ClickHouse DB::Exception: DNS resolution failed

Q: Can I use /etc/hosts instead of DNS?

Yes. Entries in /etc/hosts are resolved locally without DNS. This can serve as a reliable fallback for cluster nodes, though it requires manual updates across all servers when IP addresses change.

The "DB::Exception: DNS resolution failed" error in ClickHouse occurs when the server cannot resolve a hostname to an IP address. The DNS_ERROR error code surfaces in several contexts: connecting to cluster nodes defined by hostname, accessing remote tables, resolving dictionary source addresses, or connecting to ZooKeeper/ClickHouse Keeper. DNS resolution is a prerequisite for any network communication that uses hostnames rather than IP addresses.

Impact

DNS failures affect ClickHouse operations broadly:

Distributed queries across shards will fail if shard hostnames cannot be resolved
Replication stops if the ZooKeeper or ClickHouse Keeper hostname is unresolvable
Remote table functions and dictionaries sourced from external systems will fail
New connections from clients using hostnames will be rejected
Cluster health checks may report nodes as down even when they are running

Common Causes

DNS server is unreachable or unresponsive
The hostname is misspelled in the ClickHouse configuration
DNS records for the target host have been deleted or not yet propagated
/etc/resolv.conf is misconfigured or points to a dead resolver
Network partition isolating the ClickHouse server from the DNS infrastructure
DNS cache poisoning or corruption returning incorrect results
Container or pod DNS configuration issues in Kubernetes environments
Firewall blocking UDP/TCP port 53 to the DNS server

Troubleshooting and Resolution Steps

Test DNS resolution from the ClickHouse server:
```
nslookup problematic-hostname
dig problematic-hostname
host problematic-hostname
```
If all three fail, the problem is with DNS, not ClickHouse.
Check the DNS configuration:
```
cat /etc/resolv.conf
```
Verify that nameserver entries point to valid, reachable DNS servers:
```
ping -c 2 $(awk '/^nameserver/{print $2; exit}' /etc/resolv.conf)
```
Verify the hostname is correct in ClickHouse config:
```
grep -r "problematic-hostname" /etc/clickhouse-server/
```
Fix any typos in cluster definitions, remote server configurations, or dictionary sources.
Check if the DNS record exists:
```
dig problematic-hostname @8.8.8.8
```
Using a public DNS server helps determine if the record exists globally or only in your private DNS.
Flush the ClickHouse DNS cache:
```
SYSTEM DROP DNS CACHE;
```
ClickHouse caches DNS results internally. If a record recently changed, the cache may hold stale data.
For Kubernetes environments, verify CoreDNS/kube-dns is running:
```
kubectl get pods -n kube-system | grep dns
kubectl logs -n kube-system <dns-pod-name>
```
Check that the ClickHouse pod's DNS policy allows it to resolve both cluster-internal and external names.
Use IP addresses as a workaround while debugging DNS issues: Replace hostnames with IP addresses in cluster configuration temporarily to restore functionality:
```
<shard>
  <replica>
    <host>10.0.1.5</host>  
    <port>9000</port>
  </replica>
</shard>
```

Best Practices

Use stable, reliable DNS infrastructure with redundant nameservers
Consider using IP addresses in cluster configurations for critical infrastructure to eliminate DNS as a failure point
Set dns_cache_update_period in ClickHouse config to control how often cached DNS entries are refreshed
In Kubernetes, ensure DNS policies are correctly set and CoreDNS has sufficient resources
Monitor DNS resolution latency and failures as part of your infrastructure monitoring
Maintain /etc/hosts entries as a fallback for critical cluster nodes
Test DNS resolution during infrastructure changes before they reach production

Frequently Asked Questions

Q: Does ClickHouse cache DNS lookups?
A: Yes.

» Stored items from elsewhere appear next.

lemma depth_eq_0_iff: "u \<in> tree_V \<eta> \<kappa> \<Longrightarrow> depth \<kappa> u = 0 \<longleftrightarrow> u = Neg \<kappa>"
  by (auto simp: mem_tree_V depth_def)

lemma parent_in_tree_V:
  assumes "u \<in> tree_V \<eta> \<kappa>" "u \<noteq> Neg \<kappa>"
  shows "parent u \<in> tree_V \<eta> \<kappa> \<and> depth \<kappa> (parent u) = depth \<kappa> u - 1"
  using assms by (induction u rule: parent.induct) (auto simp: depth_def)

lemma ancestor_0 [simp]: "ancestor 0 u = u"
  by (simp add: ancestor_def)

lemma ancestor_Suc: "ancestor (Suc n) u = parent (ancestor n u)"
  by (simp add: ancestor_def)

lemma ancestor_Suc': "ancestor (Suc n) u = ancestor n (parent u)"
  by (simp only: ancestor_def funpow_Suc_right comp_def)

lemma ancestor_in_tree_V:
  assumes "u \<in> tree_V \<eta> \<kappa>" "N \<le> depth \<kappa> u"
  shows "ancestor N u \<in> tree_V \<eta> \<kappa> \<and> depth \<kappa> (ancestor N u) = depth \<kappa> u - N"
  using assms(2)
proof (induction N)
  case (Suc N)
  then have IH: "ancestor N u \<in> tree_V \<eta> \<kappa>" "depth \<kappa> (ancestor N u) = depth \<kappa> u - N"
    by auto
  moreover have "ancestor N u \<noteq> Neg \<kappa>"
    using IH Suc.prems depth_eq_0_iff[OF IH(1)] by auto
  ultimately show ?case by (simp add: ancestor_Suc parent_in_tree_V)
qed (use assms in simp)

lemma ancestor_Neg: "ancestor N (Neg k) = Neg (k + N)"
  by (induction N) (auto simp: ancestor_Suc)

lemma ancestor_Br:
  "1 \<le> j \<Longrightarrow> ancestor N (Br i j) = (if N < j then Br i (j - N) else Neg (N - j))"
proof (induction N arbitrary: j)
  case (Suc N)
  then obtain t where "j = Suc t" by (cases j) auto
  then show ?case
    using Suc by (cases t) (auto simp: ancestor_Suc' ancestor_Neg)
qed simp

lemma descendants_Neg:
  assumes "k \<le> \<kappa>"
  shows "descendants \<eta> \<kappa> N (Neg k) =
           (if N \<le> k then {Neg (k - N)} else (\<lambda>i. Br i (N - k)) ` branches \<eta>)"
  using assms
  by (auto simp: descendants_def mem_tree_V depth_def ancestor_Neg ancestor_Br split: if_splits)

ClickHouse maintains an internal DNS cache to avoid repeated lookups. You can clear it with SYSTEM DROP DNS CACHE and control the refresh interval with the dns_cache_update_period setting.

Q: Can I use /etc/hosts instead of DNS?
A: Yes. Entries in /etc/hosts are resolved locally without DNS. This can serve as a reliable fallback for cluster nodes, though it requires manual updates across all servers when IP addresses change.

Q: Why does this error appear intermittently?
A: Intermittent DNS failures often point to an overloaded DNS server, network packet loss, or DNS round-robin returning unreachable IPs. Check DNS server health and network stability.

Q: Does this error affect ClickHouse Keeper connections?
A: Yes. If ClickHouse Keeper or ZooKeeper hostnames cannot be resolved, replicated tables lose their coordination layer. Replication, DDL operations, and distributed DDL will all be affected until DNS is restored.